Hegemonía liberal
En el famoso artículo de 1989 «El fin de la historia», Francis Fukuyama planteaba la tesis de que la historia del hombre, en tanto luchas ideológicas, había concluido. Entre las tres ideologías políticas que se habían disputado en Occidente, el fascismo y comunismo habían fracasado en su intento de desplazar al liberalismo. Este último se transformaría, entonces, en el gran triunfador. No habría nada más después de él. El progreso del hombre, hasta el fin de los tiempos, estaría determinado solo por los avances de la ciencia, el desarrollo tecnológico, el libre mercado y la supremacía del individuo sobre cualquier idea de comunidad.
Esta tesis permeó de manera casi perfecta en la política criolla. Quizá, en parte, porque los comienzos de la transición a la democracia coincidieron con la caída del muro de Berlín y la disolución de la Unión Soviética. Como fuere, la transición a la democracia fue, de cierta forma, una transición al régimen liberal.
Hoy por hoy, la clase política pretende al liberalismo como ideología oficial de la democracia. De la mano de la corrección política ―que de liberal tiene poco―, quien no suscriba al liberalismo igualitario e inclusivo no tiene cabida en política. Por ello, es que todo lo que no les parece a los progresistas de izquierda y derecha se denuncia como fascista. Y lo que no le cuadra a los Chicago Boys, de comunista. Y es que las ideologías muertas, de un día para otro, parecieran haber resucitado. ¡Aleluya!
Hasta el mismo Fukuyama, hace un par de meses, pospuso el fin de la historia hasta nuevo aviso. Son los Trump, Bolsonaro, Le Pen y otros personajes del este de Europa los que encarnarían este milagro.
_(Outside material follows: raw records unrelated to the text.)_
(* Let $A\in\mathbb R^{n\times n}$ and, for $W\succ0$, define $$v^*(A,W)=\inf_{P,\Pi}\ \tfrac12\log\det\Pi^{-1}+\tfrac12\log\det W\quad\text{s.t.}\quad\Pi\succ0,\ P\preceq APA^\top+W,\ \begin{bmatrix}P-\Pi & PA^\top\\ AP & APA^\top+W\end{bmatrix}\succeq0,$$ over symmetric $n\times n$ matrices $P,\Pi$. If $0\prec W_1\preceq W_2$, then $v^*(A,W_1)\le v^*(A,W_2)$.
   Context: Logarithms are base 2. *)

theory Defs
  imports "HOL-Analysis.Analysis" "HOL-Library.Extended_Real"
begin

definition symmetric_mat :: "real^'n^'n \<Rightarrow> bool" where
  "symmetric_mat M \<longleftrightarrow> transpose M = M"

definition psd :: "real^'n^'n \<Rightarrow> bool" where
  "psd M \<longleftrightarrow> symmetric_mat M \<and> (\<forall>x. 0 \<le> x \<bullet> (M *v x))"

definition pd :: "real^'n^'n \<Rightarrow> bool" where
  "pd M \<longleftrightarrow> symmetric_mat M \<and> (\<forall>x. x \<noteq> 0 \<longrightarrow> 0 < x \<bullet> (M *v x))"

definition loewner_le :: "real^'n^'n \<Rightarrow> real^'n^'n \<Rightarrow> bool" where
  "loewner_le M N \<longleftrightarrow> psd (N - M)"

definition block_mat :: "real^'n^'n \<Rightarrow> real^'n^'n \<Rightarrow> real^'n^'n \<Rightarrow> real^'n^'n
    \<Rightarrow> real^('n + 'n)^('n + 'n)" where
  "block_mat B11 B12 B21 B22 = (\<chi> i j.
     (case i of
        Inl i' \<Rightarrow> (case j of Inl j' \<Rightarrow> B11 $ i' $ j' | Inr j' \<Rightarrow> B12 $ i' $ j')
      | Inr i' \<Rightarrow> (case j of Inl j' \<Rightarrow> B21 $ i' $ j' | Inr j' \<Rightarrow> B22 $ i' $ j')))"

definition feasible :: "real^'n^'n \<Rightarrow> real^'n^'n \<Rightarrow> ((real^'n^'n) \<times> (real^'n^'n)) set" where
  "feasible A W = {(P, Q). symmetric_mat P \<and> symmetric_mat Q \<and> pd Q \<and>
      loewner_le P (A ** P ** transpose A + W) \<and>
      psd (block_mat (P - Q) (P ** transpose A) (A ** P) (A ** P ** transpose A + W))}"

text \<open>Optimal value (logarithms base 2); infimum in the extended reals
  (+\<infinity> if infeasible).\<close>
definition vstar :: "real^'n^'n \<Rightarrow> real^'n^'n \<Rightarrow> ereal" where
  "vstar A W = (INF PP \<in> feasible A W.
      ereal ((1/2) * log 2 (det (matrix_inv (snd PP))) + (1/2) * log 2 (det W)))"

end

theory Submission
  imports Defs
begin

text \<open>
  For fixed P the best \<open>\<Pi>\<close> is the Schur complement \<open>P - P A\<^sup>T S\<^sup>-\<^sup>1 A P\<close>, where
  \<open>S = A P A\<^sup>T + W\<close>; its determinant is \<open>det P det W / det S\<close>, so the best objective for P,
  its rate, is \<open>\<onehalf> log (det S / det P)\<close>. The rate is not monotone in W pointwise, so we
  average. Given an admissible P for \<open>W\<^sub>2\<close>, the iterates \<open>R\<^sub>k\<close> of \<open>X \<mapsto> A X A\<^sup>T + W\<^sub>1\<close> started at
  \<open>W\<^sub>1\<close> are admissible for \<open>W\<^sub>1\<close>, and their rates telescope. Each \<open>R\<^sub>k\<close> is dominated by the
  \<open>(k+1)\<close>-st iterate of P under \<open>X \<mapsto> A X A\<^sup>T + W\<^sub>2\<close>, and \<open>det (A X A\<^sup>T + W) / det X\<close> is antitone
  in X (by Sylvester's identity and \<open>A\<^sup>T (A X A\<^sup>T + W)\<^sup>-\<^sup>1 A \<preceq> X\<^sup>-\<^sup>1\<close>), so the log-determinants of
  those iterates grow at most linearly with slope twice the rate of P. Hence the average rate
  of \<open>R\<^sub>0, \<dots>, R\<^sub>N\<^sub>-\<^sub>1\<close>, and with it \<open>v\<^sup>*(A, W\<^sub>1)\<close>, is at most the rate of P plus \<open>O(1/N)\<close>.
\<close>

lemma inner_matrix_vector_transpose: "(M *v x) \<bullet> (y::real^'n) = x \<bullet> (transpose M *v y)"
  by (metis dot_lmul_matrix vector_transpose_matrix)

lemma symmetric_mat_inner: "symmetric_mat M \<Longrightarrow> (M *v x) \<bullet> (y::real^'n) = x \<bullet> (M *v y)"
  by (simp add: inner_matrix_vector_transpose symmetric_mat_def)

lemma
  fixes A :: "real^'n^'n"
  assumes "invertible A"
  shows matrix_inv_right: "A ** matrix_inv A = mat 1"
    and matrix_inv_left: "matrix_inv A ** A = mat 1"
proof -
  have "\<exists>A'. A ** A' = mat 1 \<and> A' ** A = mat 1" using assms invertible_def by blast
  hence "A ** matrix_inv A = mat 1 \<and> matrix_inv A ** A = mat 1"
    unfolding matrix_inv_def by (rule someI_ex)
  thus "A ** matrix_inv A = mat 1" "matrix_inv A ** A = mat 1" by auto
qed

lemma matrix_inv_unique:
  fixes A B :: "real^'n^'n"
  assumes "A ** B = mat 1"
  shows "matrix_inv A = B"
proof -
  have inv: "invertible A" using assms invertible_right_inverse by blast
  have "matrix_inv A = matrix_inv A ** (A ** B)" using assms by simp
  also have "\<dots> = B" by (simp add: matrix_mul_assoc matrix_inv_left[OF inv])
  finally show ?thesis .
qed

lemma transpose_matrix_inv:
  fixes A :: "real^'n^'n"
  assumes "invertible A"
  shows "transpose (matrix_inv A) = matrix_inv (transpose A)"
  by (metis matrix_inv_left[OF assms] matrix_inv_unique matrix_transpose_mul transpose_mat)

lemma symmetric_mat_matrix_inv:
  "invertible A \<Longrightarrow> symmetric_mat A \<Longrightarrow> symmetric_mat (matrix_inv (A::real^'n^'n))"
  by (simp add: symmetric_mat_def transpose_matrix_inv)

lemma det_matrix_inv: "invertible (A::real^'n^'n) \<Longrightarrow> det (matrix_inv A) = 1 / det A"
  by (metis det_I det_mul matrix_inv_right invertible_det_nz nonzero_eq_divide_eq mult.commute)

lemma invertible_if_kernel_trivial:
  "(\<And>x. (A::real^'n^'n) *v x = 0 \<Longrightarrow> x = 0) \<Longrightarrow> invertible A"
  by (metis invertible_left_inverse matrix_left_invertible_injective vec.inj_iff_eq_0)

lemma transpose_add: "transpose (A + B) = transpose A + transpose (B :: real^'n^'m)"
  by (simp add: transpose_def vec_eq_iff)

lemma transpose_diff: "transpose (A - B) = transpose A - transpose (B :: real^'n^'m)"
  by (simp add: transpose_def vec_eq_iff)

lemma matrix_add_rdistrib: "((A::real^'n^'m) + B) ** (C::real^'p^'n) = A ** C + B ** C"
  by (simp add: matrix_matrix_mult_def vec_eq_iff sum.distrib distrib_right)

lemma matrix_diff_rdistrib: "((A::real^'n^'m) - B) ** (C::real^'p^'n) = A ** C - B ** C"
  by (simp add: matrix_matrix_mult_def vec_eq_iff sum_subtractf left_diff_distrib)

lemma matrix_diff_ldistrib: "(A::real^'n^'m) ** ((B::real^'p^'n) - C) = A ** B - A ** C"
  by (simp add: matrix_matrix_mult_def vec_eq_iff sum_subtractf right_diff_distrib)

lemma symmetric_mat_add: "symmetric_mat A \<Longrightarrow> symmetric_mat B \<Longrightarrow> symmetric_mat (A + B)"
  by (simp add: symmetric_mat_def transpose_add)

lemma symmetric_mat_diff: "symmetric_mat A \<Longrightarrow> symmetric_mat B \<Longrightarrow> symmetric_mat (A - B)"
  by (simp add: symmetric_mat_def transpose_diff)

lemma symmetric_mat_congruence: "symmetric_mat N \<Longrightarrow> symmetric_mat (A ** N ** transpose A)"
  by (simp add: symmetric_mat_def matrix_transpose_mul matrix_mul_assoc)

lemma quadratic_form_congruence:
  fixes A :: "real^'k^'n" and N :: "real^'k^'k"
  shows "x \<bullet> ((A ** N ** transpose A) *v x) = (transpose A *v x) \<bullet> (N *v (transpose A *v x))"
  by (metis inner_matrix_vector_transpose matrix_vector_mul_assoc transpose_transpose)

lemma matrix_mul_uminus_left: "(- A) ** (B::real^'p^'n) = - (A ** B)" for A :: "real^'n^'m"
  by (simp add: matrix_matrix_mult_def vec_eq_iff sum_negf)

lemma matrix_mul_uminus_right: "A ** (- B) = - (A ** B)" for A :: "real^'n^'m" and B :: "real^'p^'n"
  by (simp add: matrix_matrix_mult_def vec_eq_iff sum_negf)

lemma matrix_vector_mult_uminus_right: "A *v (- x) = - (A *v x)" for A :: "real^'n^'m"
  by (simp add: vec_eq_iff matrix_vector_mult_def sum_negf)

section \<open>Sylvester's determinant identity\<close>

lemma real_polynomial_function_eq_0:
  assumes "real_polynomial_function f" and "infinite {t::real. f t = 0}"
  shows "f t = 0"
proof -
  obtain a n where f: "f = (\<lambda>x. \<Sum>i\<le>n. a i * x ^ i)"
    using real_polynomial_function_imp_sum[OF assms(1)] by blast
  hence "\<forall>i\<le>n. a i = 0" using polyfun_finite_roots[of a n] assms(2) by auto
  thus ?thesis using f by simp
qed

lemma real_polynomial_function_det:
  fixes F :: "real \<Rightarrow> real^'n^'n"
  assumes "\<And>i j. real_polynomial_function (\<lambda>t. F t $ i $ j)"
  shows "real_polynomial_function (\<lambda>t. det (F t))"
  unfolding det_def
  by (intro real_polynomial_function_sum real_polynomial_function_prod
      real_polynomial_function.intros assms finite_permutations finite)

lemma invertible_add_large_scalar:
  fixes X :: "real^'n^'n"
  obtains K where "\<And>t. t > K \<Longrightarrow> invertible (X + t *\<^sub>R mat 1)"
proof -
  obtain K where K: "K > 0" "\<And>x. norm (X *v x) \<le> norm x * K"
    using bounded_linear.pos_bounded[OF matrix_vector_mul_bounded_linear[of X]] by blast
  have "invertible (X + t *\<^sub>R mat 1)" if "t > K" for t
  proof (rule invertible_if_kernel_trivial)
    fix x assume "(X + t *\<^sub>R mat 1) *v x = 0"
    hence "X *v x = - (t *\<^sub>R x)"
      by (simp add: matrix_vector_mult_add_rdistrib eq_neg_iff_add_eq_0
          flip: scaleR_matrix_vector_assoc)
    hence "t * norm x \<le> norm x * K" using K(2)[of x] that K by simp
    hence "(t - K) * norm x \<le> 0" by (simp add: algebra_simps)
    with that have "norm x \<le> 0" by (simp add: mult_le_0_iff)
    thus "x = 0" by simp
  qed
  thus ?thesis using that by blast
qed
Si en algo tenía razón el politólogo estadounidense, es que el comunismo y fascismo que conocimos en el siglo XX murieron. Pero no es Trump el que nos lo viene a confirmar ―por más irreverentes que sean sus tuits―, sino su principal enemigo: China. Hace ya varios años que venimos comprando teles, manejando autos y comiendo el almuerzo en tupperwares chinos, mientras nos lamentamos de la dictadura venezolana. Y es que el problema, entonces, no sería la dictadura ni sus víctimas, sino que los que siguen vivos ya no pueden tomarse un Starbucks a media mañana. Todos nos convertimos en paladines de la democracia cuando no hay pan. Pero si la dictadura chorrea ¡métele con AliExpress! Y, por lo mismo, no pasa nada si veraneamos en las blancas playas de las monarquías militares del sudeste asiático, ni menos que el evangelio dominical de Peña tenga razón.
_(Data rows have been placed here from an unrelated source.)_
lemma smooth_on_first_order:
  assumes "smooth_on \<Omega> \<phi>" "open \<Omega>" "(x0, t0) \<in> \<Omega>"
  shows "((\<lambda>t. \<phi> (x0, t)) has_real_derivative deriv (\<lambda>t. \<phi> (x0, t)) t0) (at t0)"
    and "((\<lambda>b. \<phi> ((fst x0, b), t0)) has_real_derivative snd (spatial_grad \<phi> x0 t0)) (at (snd x0))"
    and "\<epsilon> > 0 \<Longrightarrow> \<forall>\<^sub>F (x, t) in nhds (x0, t0).
           \<bar>\<phi> (x, t) - \<phi> (x0, t) - lin_fun (spatial_grad \<phi> x0 t0) (x - x0)\<bar> \<le> \<epsilon> * dist x x0"
proof -
  obtain a0 b0 where x0: "x0 = (a0, b0)" by fastforce
  obtain \<phi>1 where d1: "partial_on \<Omega> ((1, 0), 0) \<phi> \<phi>1" and c1: "continuous_on \<Omega> \<phi>1"
    using smooth_on_partial[OF assms(1), of "((1, 0), 0)"] by (auto simp: coord_dirs_def)
  obtain \<phi>2 where d2: "partial_on \<Omega> ((0, 1), 0) \<phi> \<phi>2" and c2: "continuous_on \<Omega> \<phi>2"
    using smooth_on_partial[OF assms(1), of "((0, 1), 0)"] by (auto simp: coord_dirs_def)
  obtain \<phi>t where dt: "partial_on \<Omega> ((0, 0), 1) \<phi> \<phi>t"
    using smooth_on_partial[OF assms(1), of "((0, 0), 1)"] by (auto simp: coord_dirs_def)
  note derivs = partial_on_coordinate_derivatives[OF assms(3)[unfolded x0]]
  have grad: "spatial_grad \<phi> x0 t0 = (\<phi>1 (x0, t0), \<phi>2 (x0, t0))"
    using DERIV_imp_deriv[OF derivs(1)[OF d1]] DERIV_imp_deriv[OF derivs(2)[OF d2]]
    by (simp add: spatial_grad_def x0)
  show "((\<lambda>t. \<phi> (x0, t)) has_real_derivative deriv (\<lambda>t. \<phi> (x0, t)) t0) (at t0)"
    using DERIV_imp_deriv[OF derivs(3)[OF dt]] derivs(3)[OF dt] by (simp add: x0)
  show "((\<lambda>b. \<phi> ((fst x0, b), t0)) has_real_derivative snd (spatial_grad \<phi> x0 t0)) (at (snd x0))"
    using derivs(2)[OF d2] unfolding grad by (simp add: x0)
  show "\<forall>\<^sub>F (x, t) in nhds (x0, t0).
          \<bar>\<phi> (x, t) - \<phi> (x0, t) - lin_fun (spatial_grad \<phi> x0 t0) (x - x0)\<bar> \<le> \<epsilon> * dist x x0"
    if "\<epsilon> > 0"
    unfolding grad using assms(2,3) d1 c1 d2 c2 that by (rule partials_spatial_expansion)
qed

section \<open>Comparison with linear solutions\<close>

locale monotone_semigroup =
  fixes T :: real
    and S :: "real \<Rightarrow> real \<Rightarrow> ((real \<times> real) \<Rightarrow> real) \<Rightarrow> ((real \<times> real) \<Rightarrow> real)"
    and \<alpha> :: real
  assumes alpha_pos: "\<alpha> > 0"
    and maps_into: "\<And>s t g. 0 \<le> s \<Longrightarrow> s \<le> t \<Longrightarrow> t \<le> T \<Longrightarrow> g \<in> Gamma_bar \<Longrightarrow> S s t g \<in> Gamma_bar"
    and transl: "\<And>s t g c. 0 \<le> s \<Longrightarrow> s \<le> t \<Longrightarrow> t \<le> T \<Longrightarrow> g \<in> Gamma_bar
                   \<Longrightarrow> S s t (\<lambda>x. g x + c) = (\<lambda>x. S s t g x + c)"
    and mono: "\<And>s t g h. 0 \<le> s \<Longrightarrow> s \<le> t \<Longrightarrow> t \<le> T \<Longrightarrow> g \<in> Gamma_bar \<Longrightarrow> h \<in> Gamma_bar
                 \<Longrightarrow> (\<forall>x. g x \<le> h x) \<Longrightarrow> (\<forall>x. S s t g x \<le> S s t h x)"
    and locality: "\<And>g h s t x R. g \<in> Gamma_bar \<Longrightarrow> h \<in> Gamma_bar \<Longrightarrow> 0 \<le> s \<Longrightarrow> s \<le> t \<Longrightarrow> t \<le> T
                     \<Longrightarrow> R \<ge> 0 \<Longrightarrow> (SUP z\<in>sup_ball x R. ereal \<bar>S s t g z - S s t h z\<bar>)
                       \<le> (SUP z\<in>sup_ball x (R + \<alpha> * (t - s)). ereal \<bar>g z - h z\<bar>)"
    and semigroup: "\<And>r s t g. 0 \<le> r \<Longrightarrow> r \<le> s \<Longrightarrow> s \<le> t \<Longrightarrow> t \<le> T \<Longrightarrow> g \<in> Gamma_bar
                      \<Longrightarrow> S r t g = S s t (S r s g)"
    and linear: "\<And>\<rho> s t. snd \<rho> \<in> {-1..0} \<Longrightarrow> 0 \<le> s \<Longrightarrow> s \<le> t \<Longrightarrow> t \<le> T
                   \<Longrightarrow> S s t (lin_fun \<rho>) = (\<lambda>x. lin_fun \<rho> x + vel \<rho> * (t - s))"
begin

lemma S_eq_if_eq_on_sup_ball:
  assumes "g \<in> Gamma_bar" "h \<in> Gamma_bar" "0 \<le> s" "s \<le> t" "t \<le> T"
    and "\<forall>z\<in>sup_ball x (\<alpha> * (t - s)). g z = h z"
  shows "S s t g x = S s t h x"
proof -
  have "ereal \<bar>S s t g x - S s t h x\<bar> \<le> (SUP z\<in>sup_ball x 0. ereal \<bar>S s t g z - S s t h z\<bar>)"
    by (rule SUP_upper) (simp add: sup_ball_def)
  also have "\<dots> \<le> (SUP z\<in>sup_ball x (0 + \<alpha> * (t - s)). ereal \<bar>g z - h z\<bar>)"
    using assms by (intro locality) auto
  also have "\<dots> \<le> 0"
    using assms(6) by (intro SUP_least) simp
  finally show ?thesis by simp
qed

lemma S_le_linear_solution:
  assumes g: "g \<in> Gamma_bar" and st: "0 \<le> s" "s \<le> t" "t \<le> T" and \<rho>: "snd \<rho> \<in> {-1..0}"
    and below: "\<forall>x\<in>sup_ball x0 (\<alpha> * (t - s)). g x \<le> c + lin_fun \<rho> (x - x0)"
  shows "S s t g x0 \<le> c + vel \<rho> * (t - s)"
proof -
  define l where "l = (\<lambda>x. lin_fun \<rho> x + (c - lin_fun \<rho> x0))"
  have l: "l \<in> Gamma_bar"
    unfolding l_def using \<rho> by (rule lin_fun_plus_const_in_Gamma_bar)
  have gl: "(\<lambda>x. min (g x) (l x)) \<in> Gamma_bar"
    using g l by (rule min_in_Gamma_bar)
  have "S s t g x0 = S s t (\<lambda>x. min (g x) (l x)) x0"
    using below by (intro S_eq_if_eq_on_sup_ball[OF g gl st]) (auto simp: l_def lin_fun_diff min_def)
  also have "\<dots> \<le> S s t l x0"
    by (rule mono[OF st gl l, rule_format]) simp
  also have "S s t l x0 = c + vel \<rho> * (t - s)"
    using transl[OF st, of "lin_fun \<rho>"] lin_fun_plus_const_in_Gamma_bar[OF \<rho>, of 0] linear[OF \<rho> st]
    by (simp add: l_def)
  finally show ?thesis .
qed

lemma S_ge_linear_solution:
  assumes g: "g \<in> Gamma_bar" and st: "0 \<le> s" "s \<le> t" "t \<le> T" and \<rho>: "snd \<rho> \<in> {-1..0}"
    and above: "\<forall>x\<in>sup_ball x0 (\<alpha> * (t - s)). c + lin_fun \<rho> (x - x0) \<le> g x"
  shows "c + vel \<rho> * (t - s) \<le> S s t g x0"
proof -
  define l where "l = (\<lambda>x. lin_fun \<rho> x + (c - lin_fun \<rho> x0))"
  have l: "l \<in> Gamma_bar"
    unfolding l_def using \<rho> by (rule lin_fun_plus_const_in_Gamma_bar)
  have gl: "(\<lambda>x. max (g x) (l x)) \<in> Gamma_bar"
    using g l by (rule max_in_Gamma_bar)
  have "c + vel \<rho> * (t - s) = S s t l x0"
    using transl[OF st, of "lin_fun \<rho>"] lin_fun_plus_const_in_Gamma_bar[OF \<rho>, of 0] linear[OF \<rho> st]
    by (simp add: l_def)
  also have "\<dots> \<le> S s t (\<lambda>x. max (g x) (l x)) x0"
    by (rule mono[OF st l gl, rule_format]) simp
  also have "\<dots> = S s t g x0"
    using above by (intro S_eq_if_eq_on_sup_ball[OF gl g st]) (auto simp: l_def lin_fun_diff max_def)
  finally show ?thesis .
qed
Así como a nadie le sorprende que cierta izquierda esté preocupada de los piropos en la calle, la educación no sexista y últimamente de los pobres niños que queman carabineros, a nadie tampoco le asombra que cierta derecha esté preocupada de legalizar el aborto, del financiamiento público del reiki y, últimamente, de hacerse dueños del No. Y en toda esta alharaca mega liberal, los empresarios son los únicos que, al parecer, están preocupados de los más pobres. Piñera la hizo.
Mientras el consenso liberal sigue innovando en nuevos derechos creados en convenciones participativas de políticos biempensantes en Ginebra, los que nos calamos a los neofascistas en nuestras fallidas democracias seguimos estando vivos. Mientras tanto, ¡viva el liberal comunismo!